This probably doesn't sit well with many, who regard gold and silver as nothing more than shiny metal that sits in a vault, collecting dust and earning no interest or dividends.

But investors, in general, need to protect themselves from these currency devaluations, which will likely lead to inflation in the future. Even if we are currently in a deflationary environment, central banks continue to pursue inflation. And they might, at some point be successful in achieving this goal. As such, a small allocation to precious metals could protect the purchasing power of your savings and insure your overall wealth.

How much you should invest in precious metals, of course, depends on your portfolio and other factors.

In the current global economic environment, precious metals look like a good short term-investment. Simply put, precious metals may be a good hedge for investors facing the myriad of problems associated with the present economic environment, especially currency devaluation.

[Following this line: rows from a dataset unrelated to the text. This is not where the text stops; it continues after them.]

lemma card_twg_private_part:
  assumes "3 \<le> r" and "finite U" and "card h = 2" and "h \<inter> U = {}"
  shows "card {T. twg r h T q \<and> fst T - h \<subseteq> U \<and> card (fst T - h) = s}
    = (card U choose s) * twg_count r q (s + 2)"
proof -
  let ?P = "{P. P \<subseteq> U \<and> card P = s}"
  let ?B = "\<lambda>P. {T. twg r h T q \<and> fst T = h \<union> P}"
  have fin_h: "finite h" using assms(3) card.infinite by fastforce
  have "{T. twg r h T q \<and> fst T - h \<subseteq> U \<and> card (fst T - h) = s} = (\<Union>P\<in>?P. ?B P)"
  proof (intro equalityI subsetI)
    fix T assume "T \<in> {T. twg r h T q \<and> fst T - h \<subseteq> U \<and> card (fst T - h) = s}"
    moreover from this have "fst T = h \<union> (fst T - h)" using twg_graph(2)[OF _ assms(1)] by blast
    ultimately show "T \<in> (\<Union>P\<in>?P. ?B P)" by blast
  next
    fix T assume "T \<in> (\<Union>P\<in>?P. ?B P)"
    then obtain P where "P \<subseteq> U" "card P = s" "twg r h T q" "fst T = h \<union> P" by blast
    moreover from this have "fst T - h = P" using assms(4) by blast
    ultimately show "T \<in> {T. twg r h T q \<and> fst T - h \<subseteq> U \<and> card (fst T - h) = s}" by simp
  qed
  also have "card \<dots> = (\<Sum>P\<in>?P. card (?B P))"
  proof (rule card_UN_disjoint)
    show "finite ?P" using assms(2) by simp
    have fin: "finite {T. twg r h T q \<and> fst T \<subseteq> h \<union> U}"
      using fin_h assms(2) by (intro finite_twgs_within[OF assms(1)]) simp
    show "\<forall>P\<in>?P. finite (?B P)"
    proof
      fix P assume "P \<in> ?P"
      then have "?B P \<subseteq> {T. twg r h T q \<and> fst T \<subseteq> h \<union> U}" by auto
      then show "finite (?B P)" using fin by (rule finite_subset)
    qed
    show "\<forall>P\<in>?P. \<forall>P'\<in>?P. P \<noteq> P' \<longrightarrow> ?B P \<inter> ?B P' = {}"
      using assms(4) by blast
  qed
  also have "\<dots> = (\<Sum>P\<in>?P. twg_count r q (s + 2))"
  proof (rule sum.cong)
    fix P assume P: "P \<in> ?P"
    then have "finite P" using assms(2) finite_subset by blast
    then have "card (h \<union> P) = s + 2" using P assms(3,4) fin_h card_Un_disjoint[of h P] by auto
    then show "card (?B P) = twg_count r q (s + 2)"
      using card_twg_eq_twg_count[OF assms(1,3)] fin_h \<open>finite P\<close> by simp
  qed simp
  also have "\<dots> = (card U choose s) * twg_count r q (s + 2)" using n_subsets[OF assms(2)] by simp
  finally show ?thesis .
qed

lemma branch_families_remove:
  assumes "h0 \<notin> E" and F: "F \<in> branch_families r q s (insert h0 E) U"
  shows "F(h0 := undefined) \<in> branch_families r q s E (U - (fst (F h0) - h0))"
proof -
  from F have F_ext: "F \<in> extensional (insert h0 E)"
    and F_br: "\<And>h. h \<in> insert h0 E \<Longrightarrow> twg r h (F h) q \<and> fst (F h) - h \<subseteq> U \<and> card (fst (F h) - h) = s"
    and F_disj: "\<And>h h'. h \<in> insert h0 E \<Longrightarrow> h' \<in> insert h0 E \<Longrightarrow> h \<noteq> h'
      \<Longrightarrow> (fst (F h) - h) \<inter> (fst (F h') - h') = {}"
    unfolding branch_families_def by blast+
  show ?thesis
    unfolding branch_families_def
  proof (intro CollectI conjI ballI impI)
    show "F(h0 := undefined) \<in> extensional E" using F_ext by simp
    fix h assume h: "h \<in> E"
    then have "h \<noteq> h0" using assms(1) by blast
    then show "twg r h ((F(h0 := undefined)) h) q"
      "fst ((F(h0 := undefined)) h) - h \<subseteq> U - (fst (F h0) - h0)"
      "card (fst ((F(h0 := undefined)) h) - h) = s"
      using F_br[of h] F_disj[of h h0] h by auto
    fix h' assume "h' \<in> E" "h \<noteq> h'"
    then show "(fst ((F(h0 := undefined)) h) - h) \<inter> (fst ((F(h0 := undefined)) h') - h') = {}"
      using F_disj[of h h'] h assms(1) by auto
  qed
qed

lemma branch_families_extend:
  assumes "h0 \<notin> E" and T: "twg r h0 T q" "fst T - h0 \<subseteq> U" "card (fst T - h0) = s"
    and G: "G \<in> branch_families r q s E (U - (fst T - h0))"
  shows "G(h0 := T) \<in> branch_families r q s (insert h0 E) U"
proof -
  from G have G_ext: "G \<in> extensional E"
    and G_br: "\<And>h. h \<in> E \<Longrightarrow> twg r h (G h) q \<and> fst (G h) - h \<subseteq> U - (fst T - h0)
      \<and> card (fst (G h) - h) = s"
    and G_disj: "\<And>h h'. h \<in> E \<Longrightarrow> h' \<in> E \<Longrightarrow> h \<noteq> h' \<Longrightarrow> (fst (G h) - h) \<inter> (fst (G h') - h') = {}"
    unfolding branch_families_def by blast+
  show ?thesis
    unfolding branch_families_def
  proof (intro CollectI conjI ballI impI)
    show "G(h0 := T) \<in> extensional (insert h0 E)" using G_ext by (intro extensional_insert) auto
    fix h assume h: "h \<in> insert h0 E"
    then show "twg r h ((G(h0 := T)) h) q" "fst ((G(h0 := T)) h) - h \<subseteq> U"
      "card (fst ((G(h0 := T)) h) - h) = s"
      using T G_br[of h] by auto
    fix h' assume "h' \<in> insert h0 E" "h \<noteq> h'"
    then show "(fst ((G(h0 := T)) h) - h) \<inter> (fst ((G(h0 := T)) h') - h') = {}"
      using h G_br[of h] G_br[of h'] G_disj[of h h'] assms(1) by auto
  qed
qed

lemma branch_families_insert:
  assumes "h0 \<notin> E"
  shows "bij_betw (\<lambda>F. (F h0, F(h0 := undefined))) (branch_families r q s (insert h0 E) U)
    (SIGMA T:{T. twg r h0 T q \<and> fst T - h0 \<subseteq> U \<and> card (fst T - h0) = s}.
       branch_families r q s E (U - (fst T - h0)))"
proof (rule bij_betw_byWitness[where f' = "\<lambda>(T, G). G(h0 := T)"])
  let ?A = "{T. twg r h0 T q \<and> fst T - h0 \<subseteq> U \<and> card (fst T - h0) = s}"
  let ?S = "SIGMA T:?A. branch_families r q s E (U - (fst T - h0))"
  show "\<forall>F\<in>branch_families r q s (insert h0 E) U.
      (\<lambda>(T, G). G(h0 := T)) (F h0, F(h0 := undefined)) = F"
    by simp
  show "\<forall>TG\<in>?S. (\<lambda>F. (F h0, F(h0 := undefined))) ((\<lambda>(T, G). G(h0 := T)) TG) = TG"
  proof
    fix TG assume TG_mem: "TG \<in> ?S"
    obtain T G where TG: "TG = (T, G)" by (cases TG)
    then have "G \<in> extensional E" using TG_mem unfolding branch_families_def by simp
    then have "G h0 = undefined" using assms by (rule extensional_arb)
    then show "(\<lambda>F. (F h0, F(h0 := undefined))) ((\<lambda>(T, G). G(h0 := T)) TG) = TG"
      unfolding TG by (simp add: fun_upd_idem)
  qed
  show "(\<lambda>F. (F h0, F(h0 := undefined))) ` branch_families r q s (insert h0 E) U \<subseteq> ?S"
  proof
    fix x assume "x \<in> (\<lambda>F. (F h0, F(h0 := undefined))) ` branch_families r q s (insert h0 E) U"
    then obtain F where F: "F \<in> branch_families r q s (insert h0 E) U"
      and x: "x = (F h0, F(h0 := undefined))" by blast
    have "F h0 \<in> ?A" using F unfolding branch_families_def by blast
    then show "x \<in> ?S" using branch_families_remove[OF assms F] x by simp
  qed
  show "(\<lambda>(T, G). G(h0 := T)) ` ?S \<subseteq> branch_families r q s (insert h0 E) U"
  proof
    fix x assume "x \<in> (\<lambda>(T, G). G(h0 := T)) ` ?S"
    then obtain TG where TG: "TG \<in> ?S" and x: "x = (\<lambda>(T, G). G(h0 := T)) TG" by blast
    obtain T G where "TG = (T, G)" by (cases TG)
    then show "x \<in> branch_families r q s (insert h0 E) U"
      using branch_families_extend[OF assms, of r T q U s G] TG x by simp
  qed
qed

lemma prod_choose_Suc:
  "(\<Prod>i<Suc n. (N - i * s) choose s) = (N choose s) * (\<Prod>i<n. (N - s - i * s) choose s)"
  by (subst prod.lessThan_Suc_shift) (simp add: diff_diff_left)

lemma card_branch_families:
  assumes "3 \<le> r" and "finite E" and "finite U" and "\<forall>h\<in>E. card h = 2 \<and> h \<inter> U = {}"
  shows "card (branch_families r q s E U)
    = (\<Prod>i<card E. (card U - i * s) choose s) * twg_count r q (s + 2) ^ card E"
  using assms(2-4)
proof (induction E arbitrary: U rule: finite_induct)
  case empty
  then show ?case by (simp add: branch_families_def)
next
  case (insert h0 E)
  let ?A = "{T. twg r h0 T q \<and> fst T - h0 \<subseteq> U \<and> card (fst T - h0) = s}"
  let ?t = "twg_count r q (s + 2)"
  let ?X = "(\<Prod>i<card E. (card U - s - i * s) choose s) * ?t ^ card E"
  have h0: "card h0 = 2" "h0 \<inter> U = {}" using insert.prems(2) by auto
  have fiber: "card (branch_families r q s E (U - (fst T - h0))) = ?X" if "T \<in> ?A" for T
  proof -
    have "fst T - h0 \<subseteq> U" "card (fst T - h0) = s" using that by simp_all
    then have "card (U - (fst T - h0)) = card U - s"
      using card_Diff_subset[OF finite_subset[OF _ insert.prems(1)]] by simp
    then show ?thesis using insert.IH[of "U - (fst T - h0)"] insert.prems by auto
  qed
  have "card (branch_families r q s (insert h0 E) U)
      = card (SIGMA T:?A. branch_families r q s E (U - (fst T - h0)))"
    by (rule bij_betw_same_card[OF branch_families_insert[OF insert.hyps(2)]])
  also have "\<dots> = (\<Sum>T\<in>?A. card (branch_families r q s E (U - (fst T - h0))))"
  proof (rule card_SigmaI)
    have "finite {T. twg r h0 T q \<and> fst T \<subseteq> h0 \<union> U}"
      using h0(1) card.infinite[of h0] insert.prems(1)
        by (intro finite_twgs_within[OF assms(1)]) auto
    then show "finite ?A" by (rule finite_subset[rotated]) auto
    have "\<forall>h\<in>E. finite h"
    proof
      fix h assume "h \<in> E"
      then have "card h = 2" using insert.prems(2) by simp
      then show "finite h" by (intro card_ge_0_finite) simp
    qed
    then show "\<forall>T\<in>?A. finite (branch_families r q s E (U - (fst T - h0)))"
      using insert.hyps(1) insert.prems(1) by (intro ballI finite_branch_families[OF assms(1)]) auto
  qed
  also have "\<dots> = card ?A * ?X" using fiber by simp
  also have "card ?A = (card U choose s) * ?t"
    by (rule card_twg_private_part[OF assms(1) insert.prems(1) h0])
  also have "(card U choose s) * ?t * ?X
      = (\<Prod>i<card (insert h0 E). (card U - i * s) choose s) * ?t ^ card (insert h0 E)"
    using insert.hyps by (simp del: prod.lessThan_Suc add: prod_choose_Suc)
  finally show ?case .
qed

lemma prod_choose_fact:
  "n * s \<le> N \<Longrightarrow> (\<Prod>i<n. (N - i * s) choose s) * fact s ^ n * fact (N - n * s) = (fact N :: nat)"
proof (induction n arbitrary: N)
  case (Suc n)
  have "(\<Prod>i<Suc n. (N - i * s) choose s) * fact s ^ Suc n * fact (N - Suc n * s)
      = (N choose s) * fact s *
        ((\<Prod>i<n. (N - s - i * s) choose s) * fact s ^ n * fact (N - s - n * s))"
    unfolding prod_choose_Suc by (simp add: diff_diff_left algebra_simps)
  also have "\<dots> = (N choose s) * fact s * fact (N - s)" using Suc.IH[of "N - s"] Suc.prems by simp
  also have "\<dots> = fact N" using binomial_fact_lemma[of s N] Suc.prems by (simp add: algebra_simps)
  finally show ?case .
qed simp
theorem proposition3p9:
  fixes A :: "'b::{comm_semiring_1,zero_neq_one} set"
    and n :: nat
    and \<rho> :: "('b \<times> 'b) set"
    and \<sigma> :: "('b mpoly \<times> 'b mpoly) set"
  assumes "subsemiring A"
    and "congruence (UNIV :: 'b set) \<rho>"
    and "congruence (polys n A) \<sigma>"
  shows "cong_gen (polys n A) (rad_quot n A \<sigma> \<rho>)
           \<subseteq> cong_of_points n A (cong_rad UNIV \<rho>) (zero_locus n \<rho> \<sigma>)"
proof (rule cong_gen_least)
  show "congruence (polys n A) (cong_of_points n A (cong_rad UNIV \<rho>) (zero_locus n \<rho> \<sigma>))"
    using congruence_cong_rad[OF assms(2)] congruence_carrier_closed[OF assms(3)]
    by (rule congruence_cong_of_points)
  show "rad_quot n A \<sigma> \<rho> \<subseteq> cong_of_points n A (cong_rad UNIV \<rho>) (zero_locus n \<rho> \<sigma>)"
    using assms(2) by (rule rad_quot_subset_cong_of_points)
qed

end
lemma nn_integral_comp_Y:
  assumes H: "\<And>k. H k \<in> borel_measurable (past_sigma M Y t)"
  shows "(\<integral>\<^sup>+\<omega>. H (Y t \<omega>) \<omega> \<partial>M) = (\<integral>\<^sup>+\<omega>. (\<integral>\<^sup>+k. H k \<omega> \<partial>nb_mean_pmf r (L t \<omega>)) \<partial>M)"
proof -
  have HM: "H k \<in> borel_measurable M" for k
    using measurable_from_subalg[OF subalgebra_past_sigma H] .
  have p: "(\<lambda>\<omega>. pmf (nb_mean_pmf r (L t \<omega>)) k) \<in> borel_measurable M" for k
    using measurable_from_subalg[OF subalgebra_past_sigma pmf_nb_mean_pmf_L_measurable] .
  have Yk: "{\<omega> \<in> space M. Y t \<omega> = k} \<in> sets M" for k
    using Y_measurable[of t] by measurable
  have "(\<integral>\<^sup>+\<omega>. H (Y t \<omega>) \<omega> \<partial>M) = (\<integral>\<^sup>+\<omega>. (\<Sum>k. indicator {\<omega> \<in> space M. Y t \<omega> = k} \<omega> * H k \<omega>) \<partial>M)"
  proof (rule nn_integral_cong)
    fix \<omega> assume "\<omega> \<in> space M"
    then have "(\<Sum>k. indicator {\<omega> \<in> space M. Y t \<omega> = k} \<omega> * H k \<omega>)
        = (\<Sum>k\<in>{Y t \<omega>}. indicator {\<omega> \<in> space M. Y t \<omega> = k} \<omega> * H k \<omega>)"
      by (intro suminf_finite) auto
    with \<open>\<omega> \<in> space M\<close> show "H (Y t \<omega>) \<omega> = (\<Sum>k. indicator {\<omega> \<in> space M. Y t \<omega> = k} \<omega> * H k \<omega>)"
      by simp
  qed
  also have "\<dots> = (\<Sum>k. \<integral>\<^sup>+\<omega>. indicator {\<omega> \<in> space M. Y t \<omega> = k} \<omega> * H k \<omega> \<partial>M)"
    using HM Yk Y_measurable by (intro nn_integral_suminf) measurable
  also have "\<dots> = (\<Sum>k. \<integral>\<^sup>+\<omega>. ennreal (pmf (nb_mean_pmf r (L t \<omega>)) k) * H k \<omega> \<partial>M)"
    using nn_integral_indicator_Y_eq[OF H] by simp
  also have "\<dots> = (\<integral>\<^sup>+\<omega>. (\<Sum>k. ennreal (pmf (nb_mean_pmf r (L t \<omega>)) k) * H k \<omega>) \<partial>M)"
    using HM p by (intro nn_integral_suminf[symmetric]) measurable
  also have "\<dots> = (\<integral>\<^sup>+\<omega>. (\<integral>\<^sup>+k. H k \<omega> \<partial>nb_mean_pmf r (L t \<omega>)) \<partial>M)"
    by (simp add: nn_integral_measure_pmf nn_integral_count_space_nat)
  finally show ?thesis .
qed

lemma nn_integral_Y_square:
  "(\<integral>\<^sup>+\<omega>. ennreal ((real (Y t \<omega>))\<^sup>2) \<partial>M)
     = (\<integral>\<^sup>+\<omega>. ennreal ((L t \<omega>)\<^sup>2 + (L t \<omega> + (L t \<omega>)\<^sup>2 / r)) \<partial>M)"
  using nn_integral_comp_Y[of "\<lambda>k \<omega>. ennreal ((real k)\<^sup>2)" t]
  by (simp add: nn_integral_nb_mean_pmf_square r_pos L_nonneg cong: nn_integral_cong)

lemma nn_integral_Y_square_finite:
  assumes "(\<integral>\<^sup>+\<omega>. ennreal ((L t \<omega>)\<^sup>2) \<partial>M) < \<infinity>"
  shows "(\<integral>\<^sup>+\<omega>. ennreal ((real (Y t \<omega>))\<^sup>2) \<partial>M) < \<infinity>"
proof -
  have "(\<integral>\<^sup>+\<omega>. ennreal ((real (Y t \<omega>))\<^sup>2) \<partial>M) \<le> (\<integral>\<^sup>+\<omega>. 1 + 3 * ennreal ((L t \<omega>)\<^sup>2) \<partial>M)"
    unfolding nn_integral_Y_square
  proof (intro nn_integral_mono)
    fix \<omega> assume "\<omega> \<in> space M"
    define l where "l = L t \<omega>"
    have "0 \<le> l" using L_nonneg \<open>\<omega> \<in> space M\<close> by (simp add: l_def)
    have "0 \<le> (l - 1)\<^sup>2"
      by simp
    then have "l \<le> 1 + l\<^sup>2"
      using \<open>0 \<le> l\<close> by (simp add: power2_diff)
    moreover have "l\<^sup>2 / r \<le> l\<^sup>2"
      using r_pos by (simp add: divide_le_eq mult_le_cancel_left1)
    ultimately have "l\<^sup>2 + (l + l\<^sup>2 / r) \<le> 1 + 3 * l\<^sup>2"
      by simp
    then have "ennreal (l\<^sup>2 + (l + l\<^sup>2 / r)) \<le> ennreal (1 + 3 * l\<^sup>2)"
      by (rule ennreal_leI)
    then show "ennreal ((L t \<omega>)\<^sup>2 + (L t \<omega> + (L t \<omega>)\<^sup>2 / r)) \<le> 1 + 3 * ennreal ((L t \<omega>)\<^sup>2)"
      by (simp add: l_def ennreal_mult)
  qed
  also have "\<dots> < \<infinity>"
    using assms by (simp add: nn_integral_add nn_integral_cmult emeasure_space_1 ennreal_mult_less_top)
  finally show ?thesis .
qed

end

locale nb_linear_intensity = nb_count_process +
  fixes c a b :: real
  assumes c_nonneg: "0 \<le> c" and a_nonneg: "0 \<le> a" and b_nonneg: "0 \<le> b"
    and L_Suc_le: "\<And>t \<omega>. \<omega> \<in> space M \<Longrightarrow> L (t + 1) \<omega> \<le> c + a * real (Y t \<omega>) + b * L t \<omega>"
begin

text \<open>The conditional second moment of \<open>c + b \<lambda> + a Y\<close> given the past is \<open>c\<^sup>2 + \<delta> \<lambda> + \<rho> \<lambda>\<^sup>2\<close>.\<close>

definition \<rho> :: real where "\<rho> = (a + b)\<^sup>2 + a\<^sup>2 / r"

definition \<delta> :: real where "\<delta> = 2 * c * (a + b) + a\<^sup>2"

lemma \<rho>_nonneg: "0 \<le> \<rho>" and \<delta>_nonneg: "0 \<le> \<delta>"
  using a_nonneg b_nonneg c_nonneg by (simp_all add: \<rho>_def \<delta>_def)

lemma nn_integral_indicator_L_Suc_le:
  fixes g :: "real \<Rightarrow> real"
  assumes A: "A \<in> sets (past_sigma M Y t)"
    and g: "mono_on {0..} g" "g \<in> borel_measurable borel"
  shows "(\<integral>\<^sup>+\<omega>. indicator A \<omega> * ennreal (g (L (t + 1) \<omega>)) \<partial>M)
       \<le> (\<integral>\<^sup>+\<omega>. indicator A \<omega> * (\<integral>\<^sup>+k. ennreal (g (c + b * L t \<omega> + a * real k)) \<partial>nb_mean_pmf r (L t \<omega>)) \<partial>M)"
proof -
  have H: "(\<lambda>\<omega>. indicator A \<omega> * ennreal (g (c + b * L t \<omega> + a * real k))) \<in> borel_measurable (past_sigma M Y t)"
    for k
  proof -
    have "(\<lambda>\<omega>. g (c + b * L t \<omega> + a * real k)) \<in> borel_measurable (past_sigma M Y t)"
      by (rule measurable_compose[OF _ g(2)]) (use L_past[of t] in measurable)
    then show ?thesis
      using A by measurable
  qed
  have "(\<integral>\<^sup>+\<omega>. indicator A \<omega> * ennreal (g (L (t + 1) \<omega>)) \<partial>M)
      \<le> (\<integral>\<^sup>+\<omega>. indicator A \<omega> * ennreal (g (c + b * L t \<omega> + a * real (Y t \<omega>))) \<partial>M)"
  proof (intro nn_integral_mono mult_left_mono ennreal_leI)
    fix \<omega> assume "\<omega> \<in> space M"
    then show "g (L (t + 1) \<omega>) \<le> g (c + b * L t \<omega> + a * real (Y t \<omega>))"
      using L_Suc_le[of \<omega> t] L_nonneg[of \<omega>] a_nonneg b_nonneg c_nonneg
      by (intro mono_onD[OF g(1)]) (auto simp: algebra_simps)
  qed simp
  also have "\<dots> = (\<integral>\<^sup>+\<omega>. (\<integral>\<^sup>+k. indicator A \<omega> * ennreal (g (c + b * L t \<omega> + a * real k)) \<partial>nb_mean_pmf r (L t \<omega>)) \<partial>M)"
    using H by (rule nn_integral_comp_Y)
  also have "\<dots> = (\<integral>\<^sup>+\<omega>. indicator A \<omega> * (\<integral>\<^sup>+k. ennreal (g (c + b * L t \<omega> + a * real k)) \<partial>nb_mean_pmf r (L t \<omega>)) \<partial>M)"
    by (simp add: nn_integral_cmult)
  finally show ?thesis .
qed

lemma nn_integral_indicator_L_Suc_le_mean:
  assumes A: "A \<in> sets (past_sigma M Y t)"
  shows "(\<integral>\<^sup>+\<omega>. indicator A \<omega> * ennreal (L (t + 1) \<omega>) \<partial>M)
       \<le> ennreal c + ennreal (a + b) * (\<integral>\<^sup>+\<omega>. indicator A \<omega> * ennreal (L t \<omega>) \<partial>M)"
proof -
  have AM: "A \<in> sets M" using sets_past_sigma_subset[OF A] .
  have "(\<integral>\<^sup>+\<omega>. indicator A \<omega> * ennreal (L (t + 1) \<omega>) \<partial>M)
      \<le> (\<integral>\<^sup>+\<omega>. indicator A \<omega> * (\<integral>\<^sup>+k. ennreal (c + b * L t \<omega> + a * real k) \<partial>nb_mean_pmf r (L t \<omega>)) \<partial>M)"
    using nn_integral_indicator_L_Suc_le[OF A, of "\<lambda>x. x"] by (simp add: mono_on_def)
  also have "\<dots> = (\<integral>\<^sup>+\<omega>. ennreal c * indicator A \<omega> + ennreal (a + b) * (indicator A \<omega> * ennreal (L t \<omega>)) \<partial>M)"
  proof (rule nn_integral_cong)
    fix \<omega> assume "\<omega> \<in> space M"
    then have l: "0 \<le> L t \<omega>" by (rule L_nonneg)
    have "(\<integral>\<^sup>+k. ennreal (c + b * L t \<omega> + a * real k) \<partial>nb_mean_pmf r (L t \<omega>)) = ennreal (c + b * L t \<omega> + a * L t \<omega>)"
      using l b_nonneg c_nonneg by (intro nn_integral_nb_mean_pmf_affine r_pos a_nonneg) simp_all
    also have "c + b * L t \<omega> + a * L t \<omega> = c + (a + b) * L t \<omega>"
      by (simp add: algebra_simps)
    finally have "(\<integral>\<^sup>+k. ennreal (c + b * L t \<omega> + a * real k) \<partial>nb_mean_pmf r (L t \<omega>)) = ennreal (c + (a + b) * L t \<omega>)" .
    then show "indicator A \<omega> * (\<integral>\<^sup>+k. ennreal (c + b * L t \<omega> + a * real k) \<partial>nb_mean_pmf r (L t \<omega>))
        = ennreal c * indicator A \<omega> + ennreal (a + b) * (indicator A \<omega> * ennreal (L t \<omega>))"
      using l a_nonneg b_nonneg c_nonneg by (simp add: ennreal_mult split: split_indicator)
  qed
  also have "\<dots> = ennreal c * emeasure M A + ennreal (a + b) * (\<integral>\<^sup>+\<omega>. indicator A \<omega> * ennreal (L t \<omega>) \<partial>M)"
    using AM by (simp add: nn_integral_add nn_integral_cmult nn_integral_cmult_indicator)
  also have "\<dots> \<le> ennreal c + ennreal (a + b) * (\<integral>\<^sup>+\<omega>. indicator A \<omega> * ennreal (L t \<omega>) \<partial>M)"
    using emeasure_le_1 by (intro add_right_mono) (simp add: mult_left_le)
  finally show ?thesis .
qed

A diversified portfolio of tangible assets such as gold or silver could equal about 5% (and sometimes more) of an investor's portfolio. That could be considered a prudent asset-diversification strategy at any time. And in today's uncertain political and economic environment, there are many (and very sound) reasons to consider investing in precious metals to diversify your holdings.

Keep in mind, precious metals are not like other asset allocations. For example, putting money in precious metals is very different than investing in the stock market. Even the word "investment" seems a bit out of place here. Gold doesn't pay dividends; gold doesn't pay interest. It's a metal that has historically been used as money. Throughout the world, gold continues to be recognized as money. As such, it offers long-term protection as currency is devalued for investors looking to be able to maintain their lifestyles 10 to 15 years down the road.

Some might suggest that silver is an even better option than gold for investors looking to diversify. Right now, the gold-to-silver ratio is fairly high. During the 20th century, that ratio has been about 47:1 and over the past 20 years, it’s been 60-to-1; meaning 60 ounces of silver are valued the same as 1 ounce of gold. Right now, the ratio is much higher: 85 ounces of silver have the same dollar value as every ounce of gold. That’s nearly 60% above the 20-year average.

Allocating a portion of your assets in silver, at current prices, could offer investors and retirees a good long-term investment. Along with gold, it is recognized as a store of value.

Precious metals have been a safe haven in times of war, political strife and uncertainty. With the potential  for rising inflation and the continued devaluation of paper currency as likely possibilities, it might be a good time to consider precious metals for your retirement portfolio.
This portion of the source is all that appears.